A geospatial format is uniquely appropriate for considering the history of the Parkway and its region. As a narrow park corridor pushed through a long-populated southern Appalachian landscape, the Parkway rearranged spaces, repurposed lands, reorganized travel routes, and opened and closed economic opportunities through control of road routing, access, and use. The social conflicts it engendered, therefore, frequently entailed spatial components – should the road go here, or there; should it take more or less land; should this or that property be favored with direct Parkway access (or not)? Understanding these aspects of Parkway history without reference to spatial relationships on the land is challenging, as the project’s scholarly adviser, Dr. Anne Mitchell Whisnant, recognized when publishing her 2006 book, Super-Scenic Motorway: A Blue Ridge Parkway History (UNC Press). Her experience, both in writing the book and in delivering numerous public presentations since its appearance, is that narrative alone cannot provide the public with the tools to comprehend past controversies or present land protection challenges. Using digital and geospatial technologies to open a new window on the history of the Parkway and its region is especially timely considering the approach of the Parkway’s 75th anniversary in 2010 and the National Park Service’s 100th anniversary in 2016.
The collaboration between the library and Dr.
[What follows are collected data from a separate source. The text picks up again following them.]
definition Mmat :: "real \<Rightarrow> real \<Rightarrow> real \<Rightarrow> (real \<Rightarrow> complex) \<Rightarrow>
    real \<Rightarrow> complex \<Rightarrow> real \<Rightarrow> complex^2^2" where
  "Mmat a b \<nu> c t \<sigma> \<epsilon> = (let l = lam a b \<epsilon> in
     (\<chi> i j. if i = 1 \<and> j = 1 then \<i> * (\<sigma> - l * complex_of_real \<nu>) / l
       else if i = 1 \<and> j = 2 then c t / l
       else if i = 2 \<and> j = 1 then cnj (c t) / cnj l
       else - \<i> * (\<sigma> - cnj l * complex_of_real \<nu>) / cnj l))"

definition Vfund :: "real \<Rightarrow> real \<Rightarrow> real \<Rightarrow> (real \<Rightarrow> complex) \<Rightarrow>
    complex \<Rightarrow> real \<Rightarrow> real \<Rightarrow> complex^2^2" where
  "Vfund a b \<nu> c \<sigma> \<epsilon> = (THE V. V 0 = mat 1 \<and>
      (\<forall>t. (V has_vector_derivative (Mmat a b \<nu> c t \<sigma> \<epsilon> ** V t)) (at t)))"

definition Bmon :: "real \<Rightarrow> real \<Rightarrow> real \<Rightarrow> (real \<Rightarrow> complex) \<Rightarrow>
    complex \<Rightarrow> real \<Rightarrow> complex^2^2" where
  "Bmon a b \<nu> c \<sigma> \<epsilon> = Vfund a b \<nu> c \<sigma> \<epsilon> (2 * pi)"

end

theory Submission
  imports Defs
begin
(* For a hat (basic or triangulated) with parameters $\alpha,\beta,\gamma$ (with $\gamma=0$ for basic hats), if $\alpha>2\beta+\gamma$, then at each middle vertex $m$, the sum of the face angles at $m$ of all faces incident to $m$ except one of the (two) spike triangles incident to $m$ is greater than $2\pi$ (i.e., the middle vertices still have negative curvature when one spike triangle is removed). Moreover, for any $\beta,\gamma$ with $30^\circ\le\beta+\gamma/2<45^\circ$ and $0\le\gamma<60^\circ$, there exists $\alpha$ with $30^\circ\le\alpha<90^\circ$ and $\alpha>2\beta+\gamma$.
   Context: Hats are open polyhedra whose boundary is an equilateral triangle; the three boundary vertices are the corners, there is one innermost vertex called the tip, and three middle vertices. The three triangles incident to the tip form the spike: three congruent isosceles triangles with base angles $\alpha$ and unit-length base edges; the middle vertices are the base vertices of the spike. The remaining faces form the brim. Basic hat: parameters $30^\circ\le\alpha,\beta<90^\circ$, $\ell>1$, and $\gamma=0$; the brim consists of three congruent symmetric trapezoids with lower angles $\beta$, top side of length $1$ (a spike base edge) and bottom side of length $\ell$ (a boundary edge). Triangulated hat: parameters with $30^\circ\le\alpha<90^\circ$, $30^\circ\le\beta+\gamma/2<90^\circ$, $\gamma<60^\circ$; the brim consists of three congruent isosceles triangles with bases on the boundary edges, base angles $\beta$ and apex at a middle vertex, and three congruent isosceles triangles with bases the spike base edges and apex angle $\gamma$ at a corner. Curvature of a non-boundary vertex is $2\pi$ minus the sum of face angles at it. *)

theory Defs
  imports Complex_Main
begin

text \<open>Angles are in radians; deg converts degrees to radians.\<close>
definition deg :: "real \<Rightarrow> real" where "deg x = x * pi / 180"

datatype hat_kind = Basic | Triangulated

definition hat_params :: "hat_kind \<Rightarrow> real \<Rightarrow> real \<Rightarrow> real \<Rightarrow> bool" where
  "hat_params k \<alpha> \<beta> \<gamma> = (case k of
     Basic \<Rightarrow> deg 30 \<le> \<alpha> \<and> \<alpha> < deg 90 \<and> deg 30 \<le> \<beta> \<and> \<beta> < deg 90 \<and> \<gamma> = 0
   | Triangulated \<Rightarrow> deg 30 \<le> \<alpha> \<and> \<alpha> < deg 90 \<and> deg 30 \<le> \<beta> + \<gamma>/2 \<and>
        \<beta> + \<gamma>/2 < deg 90 \<and> \<gamma> < deg 60)"

definition iso_apex_angle :: "real \<Rightarrow> real" where
  "iso_apex_angle b = pi - 2 * b"   \<comment> \<open>isosceles triangle with base angles b\<close>
definition iso_base_angle :: "real \<Rightarrow> real" where
  "iso_base_angle g = (pi - g) / 2" \<comment> \<open>isosceles triangle with apex angle g\<close>
definition trap_upper_angle :: "real \<Rightarrow> real" where
  "trap_upper_angle b = pi - b"     \<comment> \<open>symmetric trapezoid with lower angles b\<close>

text \<open>Face angles at a middle vertex m. The spike triangles incident to m
  (two of them, each with base angle alpha at m):\<close>
definition middle_spike_angles :: "real \<Rightarrow> real list" where
  "middle_spike_angles \<alpha> = [\<alpha>, \<alpha>]"

text \<open>Brim faces incident to m: basic hat -- the two trapezoids whose top sides
  are the two spike base edges at m (upper angle at m); triangulated hat -- the
  boundary triangle with apex m, and the two corner triangles whose bases are the
  spike base edges at m (base angle at m).\<close>
definition middle_brim_angles :: "hat_kind \<Rightarrow> real \<Rightarrow> real \<Rightarrow> real list" where
  "middle_brim_angles k \<beta> \<gamma> = (case k of
     Basic \<Rightarrow> [trap_upper_angle \<beta>, trap_upper_angle \<beta>]
   | Triangulated \<Rightarrow> [iso_apex_angle \<beta>, iso_base_angle \<gamma>, iso_base_angle \<gamma>])"

end

theory Submission
  imports Defs
begin

text \<open>The brim faces contribute 2\<pi> - (2\<beta> + \<gamma>) to the angle sum at a middle vertex, and each
  remaining spike triangle contributes \<alpha>; so the sum exceeds 2\<pi> exactly when \<alpha> > 2\<beta> + \<gamma>.
  For the second part, the midpoint of 2\<beta> + \<gamma> and 90 degrees is an admissible \<alpha>.\<close>

lemma sum_list_middle_spike_angles_minus_nth:
  assumes "i < length (middle_spike_angles \<alpha>)"
  shows "sum_list (middle_spike_angles \<alpha>) - middle_spike_angles \<alpha> ! i = \<alpha>"
  using assms by (auto simp: middle_spike_angles_def less_Suc_eq)

lemma sum_list_middle_brim_angles:
  assumes "hat_params k \<alpha> \<beta> \<gamma>"
  shows "sum_list (middle_brim_angles k \<beta> \<gamma>) = 2 * pi - (2 * \<beta> + \<gamma>)"
  using assms
  by (cases k) (auto simp: hat_params_def middle_brim_angles_def trap_upper_angle_def
      iso_apex_angle_def iso_base_angle_def)

lemma exists_angle_between:
  fixes x :: real
  assumes "deg 60 \<le> x" and "x < deg 90"
  shows "\<exists>\<alpha>. deg 30 \<le> \<alpha> \<and> \<alpha> < deg 90 \<and> \<alpha> > x"
proof (intro exI conjI)
  show "deg 30 \<le> (x + deg 90) / 2" and "(x + deg 90) / 2 < deg 90" and "(x + deg 90) / 2 > x"
    using assms pi_gt_zero by (auto simp: deg_def)
qed

theorem lemma7:
  shows "(\<forall>k \<alpha> \<beta> \<gamma>. hat_params k \<alpha> \<beta> \<gamma> \<and> \<alpha> > 2 * \<beta> + \<gamma> \<longrightarrow>
            (\<forall>i < length (middle_spike_angles \<alpha>).
               sum_list (middle_spike_angles \<alpha>) - middle_spike_angles \<alpha> ! i
               + sum_list (middle_brim_angles k \<beta> \<gamma>) > 2 * pi))
       \<and> (\<forall>\<beta> \<gamma>. deg 30 \<le> \<beta> + \<gamma>/2 \<and> \<beta> + \<gamma>/2 < deg 45 \<and> 0 \<le> \<gamma> \<and> \<gamma> < deg 60 \<longrightarrow>
            (\<exists>\<alpha>. deg 30 \<le> \<alpha> \<and> \<alpha> < deg 90 \<and> \<alpha> > 2 * \<beta> + \<gamma>))"
proof (intro conjI allI impI)
  fix k \<alpha> \<beta> \<gamma> i
  assume "hat_params k \<alpha> \<beta> \<gamma> \<and> \<alpha> > 2 * \<beta> + \<gamma>"
    and "i < length (middle_spike_angles \<alpha>)"
  then show "sum_list (middle_spike_angles \<alpha>) - middle_spike_angles \<alpha> ! i
               + sum_list (middle_brim_angles k \<beta> \<gamma>) > 2 * pi"
    by (auto simp: sum_list_middle_spike_angles_minus_nth sum_list_middle_brim_angles)
next
  fix \<beta> \<gamma> :: real
  assume "deg 30 \<le> \<beta> + \<gamma>/2 \<and> \<beta> + \<gamma>/2 < deg 45 \<and> 0 \<le> \<gamma> \<and> \<gamma> < deg 60"
  then have "deg 60 \<le> 2 * \<beta> + \<gamma>" and "2 * \<beta> + \<gamma> < deg 90"
    by (auto simp: deg_def)
  then show "\<exists>\<alpha>. deg 30 \<le> \<alpha> \<and> \<alpha> < deg 90 \<and> \<alpha> > 2 * \<beta> + \<gamma>"
    by (rule exists_angle_between)
qed

end
(* There exist absolute constants $c>0$ and $\rho_0\in(0,1/2]$ such that, for all $\rho\in(0,\rho_0]$, $n\ge2$, $1\le m\le n-1$ and $s\in\big(0,1/(m\ln(1/\rho))\big]$, $$\mathcal{E}^{\mathrm{TW}}_{m,s}\ge(c/s)^m(1/\rho)^{\lfloor(n+m-1)/2\rfloor}.$$
   Context: $m$-twist system with parameter $\rho$ on $n$ agents: at each time $t$ the agents are relabeled so that their positions satisfy $x_1\le\dots\le x_n$. A partition of $[n]$ into at most $m$ intervals of consecutive indices $[u_{t,l},v_{t,l}]$ (blocks) is chosen. The next sorted positions $y_1\le\dots\le y_n$ satisfy, for every block $[u,v]$ and $i\in[u,v]$, $$(1-\rho)x_u+\rho x_{\min\{i+1,v\}}\le y_i\le\rho x_{\max\{i-1,u\}}+(1-\rho)x_v.$$ The $s$-energy is $\sum_{t\ge0}\sum_l(x_{v_{t,l}}(t)-x_{u_{t,l}}(t))^s$. $\mathcal{E}^{\mathrm{TW}}_{m,s}$ is its supremum over all $m$-twist systems on $n$ agents with initial positions in $[0,1]$. *)

theory Defs
  imports "HOL-Analysis.Analysis"
begin

text \<open>Agents are indexed 0..n-1 (0-based). Positions at time t: x t :: nat => real,
  always sorted (relabelled). A block is a pair (u,v) of indices with u <= v.\<close>

definition sorted_pos :: "nat \<Rightarrow> (nat \<Rightarrow> real) \<Rightarrow> bool" where
  "sorted_pos n x \<longleftrightarrow> (\<forall>i. Suc i < n \<longrightarrow> x i \<le> x (Suc i))"

definition twist_partition :: "nat \<Rightarrow> nat \<Rightarrow> (nat \<times> nat) list \<Rightarrow> bool" where
  "twist_partition n m P \<longleftrightarrow>
     P \<noteq> [] \<and> length P \<le> m \<and> fst (hd P) = 0 \<and> snd (last P) = n - 1 \<and>
     (\<forall>l<length P. fst (P ! l) \<le> snd (P ! l)) \<and>
     (\<forall>l. Suc l < length P \<longrightarrow> fst (P ! Suc l) = Suc (snd (P ! l)))"

definition twist_step :: "real \<Rightarrow> (nat \<times> nat) list \<Rightarrow> (nat \<Rightarrow> real) \<Rightarrow> (nat \<Rightarrow> real) \<Rightarrow> bool" where
  "twist_step \<rho> P x y \<longleftrightarrow>
     (\<forall>(u, v) \<in> set P. \<forall>i \<in> {u..v}.
        (1 - \<rho>) * x u + \<rho> * x (min (i + 1) v) \<le> y i \<and>
        y i \<le> \<rho> * x (max (i - 1) u) + (1 - \<rho>) * x v)"

definition twist_system :: "nat \<Rightarrow> nat \<Rightarrow> real \<Rightarrow> (nat \<Rightarrow> nat \<Rightarrow> real) \<Rightarrow> (nat \<Rightarrow> (nat \<times> nat) list) \<Rightarrow> bool" where
  "twist_system n m \<rho> x P \<longleftrightarrow>
     (\<forall>i<n. 0 \<le> x 0 i \<and> x 0 i \<le> 1) \<and>
     (\<forall>t. sorted_pos n (x t) \<and> twist_partition n m (P t) \<and> twist_step \<rho> (P t) (x t) (x (Suc t)))"

definition s_energy :: "real \<Rightarrow> (nat \<Rightarrow> nat \<Rightarrow> real) \<Rightarrow> (nat \<Rightarrow> (nat \<times> nat) list) \<Rightarrow> ennreal" where
  "s_energy s x P = (\<Sum>t. sum_list (map (\<lambda>(u, v). ennreal ((x t v - x t u) powr s)) (P t)))"

definition E_TW :: "nat \<Rightarrow> real \<Rightarrow> nat \<Rightarrow> real \<Rightarrow> ennreal" where
  "E_TW n \<rho> m s = (SUP xP \<in> {(x, P). twist_system n m \<rho> x P}. s_energy s (fst xP) (snd xP))"

end

theory Submission
  imports Defs
begin

text \<open>For one block, positions \<open>1/2 + \<lambda>\<^sup>t z\<^sub>i / 2\<close> with a suitable odd profile \<open>z\<close> on
  \<open>[-1, 1]\<close> form a twist system contracting by only \<open>\<lambda> = 1 - 2\<rho>\<^bsup>\<lfloor>n/2\<rfloor>\<^esup>\<close> per step, so its
  \<open>s\<close>-energy is \<open>1/(1 - \<lambda>\<^sup>s) \<ge> 1/(4 s \<rho>\<^bsup>\<lfloor>n/2\<rfloor>\<^esup>)\<close>.
  One more agent and one more block multiply the energy by \<open>1/(96 \<rho> s)\<close>: agent 0 waits on the
  left while a copy of the smaller system, scaled by \<open>\<rho> L\<^sub>j\<close>, runs long enough to collect half of
  its energy; then one step with a single block moves everybody to the start of the next epoch,
  where the scale has shrunk by the factor \<open>1 - 3\<rho> - \<rho>\<^sup>2\<close>. Summing the geometric series over the
  epochs gains \<open>\<rho>\<^sup>s/(1 - (1 - 3\<rho> - \<rho>\<^sup>2)\<^sup>s) \<approx> 1/(\<rho> s)\<close>. Starting the induction with
  \<open>n - m + 1\<close> agents in one block gives the exponent \<open>\<lfloor>(n - m + 1)/2\<rfloor> + m - 1 = \<lfloor>(n + m - 1)/2\<rfloor>\<close>.\<close>

lemma power_powr_commute: "(x ^ t) powr s = (x powr s) ^ t" for x :: real
  by (induction t) (simp_all add: powr_mult)

lemma suminf_geometric_ennreal:
  fixes q C :: real
  assumes "0 \<le> q" "q < 1" "0 \<le> C"
  shows "(\<Sum>t. ennreal (C * q ^ t)) = ennreal (C / (1 - q))"
proof -
  have "(\<lambda>t. C * q ^ t) sums (C * (1 / (1 - q)))"
    using geometric_sums[of q] assms by (intro sums_mult) auto
  then show ?thesis
    using assms by (intro suminf_ennreal_eq) auto
qed

lemma one_minus_powr_le:
  fixes l s :: real
  assumes "1/2 \<le> l" "l \<le> 1" "0 \<le> s"
  shows "1 - l powr s \<le> 2 * s * (1 - l)"
proof -
  have "1 + s * ln l \<le> l powr s"
    using exp_ge_add_one_self[of "s * ln l"] assms by (simp add: powr_def)
  moreover have "- ln l \<le> 2 * (1 - l)"
  proof -
    have "0 \<le> (2 * l - 1) * (1 - l)"
      using assms by simp
    then have "1 / l - 1 \<le> 2 * (1 - l)"
      using assms by (simp add: field_simps)
    then show ?thesis
      using ln_le_minus_one[of "1 / l"] assms by (simp add: ln_div)
  qed
  then have "s * - ln l \<le> s * (2 * (1 - l))"
    using assms by (intro mult_left_mono) auto
  ultimately have "1 - l powr s \<le> s * (2 * (1 - l))"
    by simp
  then show ?thesis
    by (simp add: algebra_simps)
qed

lemma suminf_powr_power_ge:
  fixes l s :: real
  assumes "1/2 \<le> l" "l < 1" "0 < s"
  shows "ennreal (1 / (2 * s * (1 - l))) \<le> (\<Sum>t. ennreal ((l ^ t) powr s))"
proof -
  have q: "0 \<le> l powr s" "l powr s < 1"
    using assms by (auto simp: powr01_less_one)
  have "(\<Sum>t. ennreal ((l ^ t) powr s)) = (\<Sum>t. ennreal (1 * (l powr s) ^ t))"
    by (simp add: power_powr_commute)
  also have "\<dots> = ennreal (1 / (1 - l powr s))"
    using q by (intro suminf_geometric_ennreal) auto
  finally have "(\<Sum>t. ennreal ((l ^ t) powr s)) = ennreal (1 / (1 - l powr s))" .
  moreover have "1 / (2 * s * (1 - l)) \<le> 1 / (1 - l powr s)"
    using one_minus_powr_le[of l s] q assms by (intro divide_left_mono) auto
  ultimately show ?thesis
    by (simp add: ennreal_leI)
qed

lemma less_suminf_partial_sum:
  fixes f :: "nat \<Rightarrow> ennreal"
  assumes "a < suminf f"
  shows "\<exists>T. a < (\<Sum>t<T. f t)"
  using assms by (simp add: suminf_eq_SUP less_SUP_iff)

lemma suminf_sum_blocks_le:
  fixes f :: "nat \<Rightarrow> ennreal"
  shows "(\<Sum>j. \<Sum>r<p. f (r + j * p)) \<le> suminf f"
proof -
  have "(\<Sum>j<N. \<Sum>r<p. f (r + j * p)) \<le> suminf f" for N
  proof -
    have "(\<Sum>j<N. \<Sum>r<p. f (r + j * p)) = sum f {..<N * p}"
      by (simp add: sum_mult_product)
    also have "\<dots> \<le> (SUP n. sum f {..<n})"
      by (rule SUP_upper) simp
    finally show ?thesis
      by (simp add: suminf_eq_SUP)
  qed
  then show ?thesis by (simp add: suminf_eq_SUP SUP_least)
qed

lemma powr_ge_one_third:
  fixes \<rho> s :: real
  assumes "0 < \<rho>" "s * ln (1 / \<rho>) \<le> 1"
  shows "1/3 \<le> \<rho> powr s"
proof -
  have "exp (-1) \<le> \<rho> powr s"
    using assms by (simp add: powr_def ln_div)
  moreover have "1/3 \<le> exp (-1::real)"
    using exp_le by (simp add: exp_minus field_simps)
  ultimately show ?thesis by linarith
qed

lemma one_le_ln_inverse:
  fixes \<rho> :: real
  assumes "0 < \<rho>" "\<rho> \<le> 1/3"
  shows "1 \<le> ln (1 / \<rho>)"
proof -
  have "\<rho> * exp 1 \<le> \<rho> * 3"
    using exp_le assms by (intro mult_left_mono) auto
  then have "\<rho> * exp 1 \<le> 1"
    using assms by linarith
  then have "exp 1 \<le> 1 / \<rho>"
    using assms by (simp add: field_simps)
  then show ?thesis
    using assms by (simp add: ln_ge_iff)
qed

definition blocks_energy :: "real \<Rightarrow> (nat \<Rightarrow> real) \<Rightarrow> (nat \<times> nat) list \<Rightarrow> ennreal" where
  "blocks_energy s y Q = sum_list (map (\<lambda>(u, v). ennreal ((y v - y u) powr s)) Q)"

lemma s_energy_eq_suminf_blocks_energy:
  "s_energy s x P = (\<Sum>t. blocks_energy s (x t) (P t))"
  by (simp add: s_energy_def blocks_energy_def)

definition shift_blocks :: "(nat \<times> nat) list \<Rightarrow> (nat \<times> nat) list" where
  "shift_blocks Q = map (\<lambda>(u, v). (Suc u, Suc v)) Q"

definition prepend_agent :: "real \<Rightarrow> real \<Rightarrow> real \<Rightarrow> (nat \<Rightarrow> real) \<Rightarrow> nat \<Rightarrow> real" where
  "prepend_agent X A \<beta> y i = (if i = 0 then X else A + \<beta> * y (i - 1))"

lemma twist_partition_shift:
  assumes "twist_partition n m Q" "1 \<le> n"
  shows "twist_partition (Suc n) (Suc m) ((0, 0) # shift_blocks Q)"
proof -
  have Q: "Q \<noteq> []" "length Q \<le> m" "fst (Q ! 0) = 0" "snd (last Q) = n - 1"
    "\<And>l. l < length Q \<Longrightarrow> fst (Q ! l) \<le> snd (Q ! l)"
    "\<And>l. Suc l < length Q \<Longrightarrow> fst (Q ! Suc l) = Suc (snd (Q ! l))"
    using assms(1) unfolding twist_partition_def by (auto simp: hd_conv_nth)
  have last: "snd (last (shift_blocks Q)) = n"
    using Q(1,4) assms(2) by (cases "last Q") (simp add: shift_blocks_def last_map)
  show ?thesis
    unfolding twist_partition_def
  proof (intro conjI allI impI)
    fix l
    assume "l < length ((0, 0) # shift_blocks Q)"
    then show "fst (((0, 0) # shift_blocks Q) ! l) \<le> snd (((0, 0) # shift_blocks Q) ! l)"
      using Q(5)[of "l - 1"] by (cases l) (auto simp: shift_blocks_def split: prod.splits)
  next
    fix l
    assume "Suc l < length ((0, 0) # shift_blocks Q)"
    then show "fst (((0, 0) # shift_blocks Q) ! Suc l) = Suc (snd (((0, 0) # shift_blocks Q) ! l))"
      using Q(3) Q(6)[of "l - 1"] by (cases l) (auto simp: shift_blocks_def split: prod.splits)
  qed (use Q last in \<open>auto simp: shift_blocks_def\<close>)
qed

lemma twist_step_shift:
  assumes step: "twist_step \<rho> Q y y'" and "0 \<le> \<beta>"
  shows "twist_step \<rho> ((0, 0) # shift_blocks Q) (prepend_agent X A \<beta> y) (prepend_agent X A \<beta> y')"
proof -
  let ?x = "prepend_agent X A \<beta> y" and ?x' = "prepend_agent X A \<beta> y'"
  have "(1 - \<rho>) * ?x (Suc u) + \<rho> * ?x (min (i + 1) (Suc v)) \<le> ?x' i \<and>
        ?x' i \<le> \<rho> * ?x (max (i - 1) (Suc u)) + (1 - \<rho>) * ?x (Suc v)"
    if uv: "(u, v) \<in> set Q" "Suc u \<le> i" "i \<le> Suc v" for u v i
  proof -
    obtain k where k: "i = Suc k" "u \<le> k" "k \<le> v"
      using uv by (cases i) auto
    have "(1 - \<rho>) * y u + \<rho> * y (min (k + 1) v) \<le> y' k"
      "y' k \<le> \<rho> * y (max (k - 1) u) + (1 - \<rho>) * y v"
      using step uv k unfolding twist_step_def by fastforce+
    then have "\<beta> * ((1 - \<rho>) * y u + \<rho> * y (min (k + 1) v)) \<le> \<beta> * y' k"
      "\<beta> * y' k \<le> \<beta> * (\<rho> * y (max (k - 1) u) + (1 - \<rho>) * y v)"
      using \<open>0 \<le> \<beta>\<close> by (auto intro: mult_left_mono)
    moreover have "min (i + 1) (Suc v) = Suc (min (k + 1) v)"
      "max (i - 1) (Suc u) = Suc (max (k - 1) u)"
      using k by auto
    ultimately show ?thesis
      using k by (simp add: prepend_agent_def algebra_simps)
  qed
  then show ?thesis
    unfolding twist_step_def shift_blocks_def
    by (auto simp: prepend_agent_def algebra_simps)
qed

lemma sorted_pos_prepend_agent:
  assumes "sorted_pos n y" "0 \<le> \<beta>" "X \<le> A + \<beta> * y 0"
  shows "sorted_pos (Suc n) (prepend_agent X A \<beta> y)"
  unfolding sorted_pos_def
proof (intro allI impI)
  fix i
  assume "Suc i < Suc n"
  then show "prepend_agent X A \<beta> y i \<le> prepend_agent X A \<beta> y (Suc i)"
    using assms mult_left_mono[of "y (i - 1)" "y i" \<beta>]
    by (cases i) (auto simp: sorted_pos_def prepend_agent_def)
qed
Whisnant has been enhanced by Whisnant’s engagement in related field of “public history,” which is history practiced outside the walls of academia, with and for public audiences. Based in academia but designed for public benefit, “Driving through Time” has offered an exceptional opportunity for involving undergraduate and graduate students in Dr. Whisnant’s Introduction to Public History class in its creation. As a scholarly project being built through the expertise of a large team (as nearly all public history undertakings are), “Driving through Time” has been an ideal space for students to gain hands-on experience in doing public history collaboratively, in real-time, with their instructor. Students are doing original primary source research in the university’s special collections, identifying materials for inclusion in the online exhibit, developing their own historical narratives, working with new tools such as wikis and databases, and contributing to the creation of metadata. Because the instructor has not predetermined the final outcome, furthermore, students are being given ownership over both their process and their final products and practicing navigating the unexpected twists, turns, delights, and disappointments that historical research always entails.